Long horizon (5–10 years)
If regulation and liability evolve, you could see:
• more semi-autonomous diagnostic systems in narrow pathways,
• a smaller number of physicians supervising larger patient panels,
• and a larger “clinical operations” layer: human navigators + AI copilots + protocol officers.
But the limiting factors will be trust, accountability, and political legitimacy, not raw model capability.
Misleading “vibes” to watch for (in the article and in the discourse)
1. “AI is better than doctors” (usually means “better on a narrow benchmark”). (Nature)
2. “AI reasoning” (often means pattern completion + retrieval; true reasoning under uncertainty is still fragile). (Live Science)
3. “AI reduces workload” (sometimes it does; sometimes it creates new work: monitoring, auditing, exceptions). (PMC)

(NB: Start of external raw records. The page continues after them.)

(* Let $\mu\in\mathbb F_q\setminus\{0\}$. The number of generators (i.e. $(n-1)$-spaces contained in the quadric) of $\mathcal Q_\mu$ that are totally isotropic with respect to $\perp_0$ is exactly $(q^{n+1}+q^n+1)\prod_{i=1}^{n-2}(q^{n-i}+1)$, where an empty product (when $n=2$) equals $1$.
   Context: Let $q$ be an even prime power and $n\ge 2$ an integer. Let $\mathrm{PG}(2n+1,q)$ have homogeneous coordinates $(X_1,\dots,X_{2n+2})$. Fix $\delta\in\mathbb F_q$ such that $X^2+X+\delta$ is irreducible over $\mathbb F_q$. For $\mu\in\mathbb F_q$ let $\mathcal Q_\mu$ be the elliptic quadric $X_1^2+X_1X_{2n+2}+\delta X_{2n+2}^2+\sum_{i=2}^{n+1}X_iX_{2n+3-i}+\mu(X_{2n}^2+X_{2n}X_{2n+1}+\delta X_{2n+1}^2)=0$, whose generators are $(n-1)$-spaces. Let $\perp_0$ be the symplectic polarity defined by the alternating form $B_0(X,Y)=\sum_{i=1}^{2n+2}X_iY_{2n+3-i}$. *)

theory Defs
  imports "HOL-Library.Function_Algebras" "HOL-Computational_Algebra.Polynomial"
begin

text \<open>Vectors of F_q^(2n+2) are represented as functions nat => 'a whose support
lies in the coordinate range 1..2n+2 (coordinates X_1, ..., X_(2n+2)).\<close>

definition coordspace :: "nat \<Rightarrow> (nat \<Rightarrow> 'a::zero) set" where
  "coordspace N = {x. \<forall>i. i \<notin> {1..N} \<longrightarrow> x i = 0}"

definition vscale :: "'a::field \<Rightarrow> (nat \<Rightarrow> 'a) \<Rightarrow> (nat \<Rightarrow> 'a)" where
  "vscale c x = (\<lambda>i. c * x i)"

definition Qform :: "nat \<Rightarrow> 'a::field \<Rightarrow> 'a \<Rightarrow> (nat \<Rightarrow> 'a) \<Rightarrow> 'a" where
  "Qform n \<delta> \<mu> X =
     X 1 ^ 2 + X 1 * X (2*n+2) + \<delta> * X (2*n+2) ^ 2
     + (\<Sum>i=2..n+1. X i * X (2*n+3-i))
     + \<mu> * (X (2*n) ^ 2 + X (2*n) * X (2*n+1) + \<delta> * X (2*n+1) ^ 2)"

definition B0 :: "nat \<Rightarrow> (nat \<Rightarrow> 'a::field) \<Rightarrow> (nat \<Rightarrow> 'a) \<Rightarrow> 'a" where
  "B0 n X Y = (\<Sum>i=1..2*n+2. X i * Y (2*n+3-i))"

text \<open>Generators of Q_mu: projective (n-1)-spaces, i.e. n-dimensional vector subspaces
of F_q^(2n+2), all of whose points lie on the quadric.\<close>
definition generators :: "nat \<Rightarrow> 'a::field \<Rightarrow> 'a \<Rightarrow> (nat \<Rightarrow> 'a) set set" where
  "generators n \<delta> \<mu> = {W. W \<subseteq> coordspace (2*n+2) \<and> module.subspace vscale W
       \<and> vector_space.dim vscale W = n \<and> (\<forall>x\<in>W. Qform n \<delta> \<mu> x = 0)}"

definition totally_isotropic_B0 :: "nat \<Rightarrow> (nat \<Rightarrow> 'a::field) set \<Rightarrow> bool" where
  "totally_isotropic_B0 n W = (\<forall>x\<in>W. \<forall>y\<in>W. B0 n x y = 0)"

end

theory Submission
  imports Defs "HOL-Library.FuncSet" "HOL-Library.Cardinality"
begin

text \<open>
  The polar form of \<open>Q\<^sub>\<mu>\<close> is \<open>B0 + \<mu> Bmu\<close>, where \<open>Bmu\<close> is the polar form of the elliptic
  term in \<open>X\<^sub>2\<^sub>n, X\<^sub>2\<^sub>n\<^sub>+\<^sub>1\<close>. It vanishes on a totally singular subspace, so the generators to be
  counted are the totally singular \<open>n\<close>-spaces that are totally isotropic for \<open>Bmu\<close>. Their number is
  computed by induction on \<open>n\<close>, simultaneously with the number of those inside
  \<open>X\<^sub>2\<^sub>n = X\<^sub>2\<^sub>n\<^sub>+\<^sub>1 = 0\<close>.

  Going from \<open>n\<close> to \<open>n + 1\<close>, split off the hyperbolic pair \<open>e = e\<^sub>n\<^sub>+\<^sub>2\<close>, \<open>f = e\<^sub>n\<^sub>+\<^sub>3\<close> of
  \<open>Q\<^sub>n\<^sub>+\<^sub>1\<close>; its orthogonal complement carries a copy of \<open>Q\<^sub>n\<close>. Generators through \<open>e\<close> correspond
  to generators \<open>U\<close> of \<open>Q\<^sub>n\<close>. A generator \<open>W\<close> avoiding \<open>e\<close> is determined by the projection \<open>U\<close>
  of \<open>W \<inter> e\<^sup>\<perp>\<close> to the complement and by any \<open>w \<in> W\<close> with \<open>f\<close>-coordinate \<open>1\<close>; for given
  \<open>U\<close> the admissible \<open>w\<close> are counted directly, and their number only depends on whether \<open>U\<close>
  lies in \<open>X\<^sub>2\<^sub>n = X\<^sub>2\<^sub>n\<^sub>+\<^sub>1 = 0\<close>. Witt's bound (a totally singular subspace has dimension at
  most \<open>n\<close>) guarantees that such \<open>w\<close> exist in \<open>W\<close>. Double counting yields a linear recursion,
  and the case \<open>n = 2\<close> is counted by hand.
\<close>

section \<open>Subspaces of coordinate space over a finite field\<close>

interpretation VS: vector_space "vscale :: 'a::field \<Rightarrow> (nat \<Rightarrow> 'a) \<Rightarrow> (nat \<Rightarrow> 'a)"
  by unfold_locales (auto simp: vscale_def fun_eq_iff algebra_simps)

4. “AI is neutral” (it inherits bias and can amplify it in scalable ways). (MIT News)
How to make AI actually improve care (my governance stance)
If you want AI to reduce harm and not just optimize billing:
• “Cockpit not chatbot” design: AI drafts; humans sign; every output logged; escalation rules mandatory.
• Bias testing as a release gate: probe typos, slang, non-native English, gendered cues, disability cues (MIT’s findings show why). (MIT News)
• Independent evaluation: don’t rely only on vendor claims; require external validation and post-deployment monitoring.
• Hard boundaries: AI should not autonomously diagnose, change meds, or triage emergencies without robust safeguards.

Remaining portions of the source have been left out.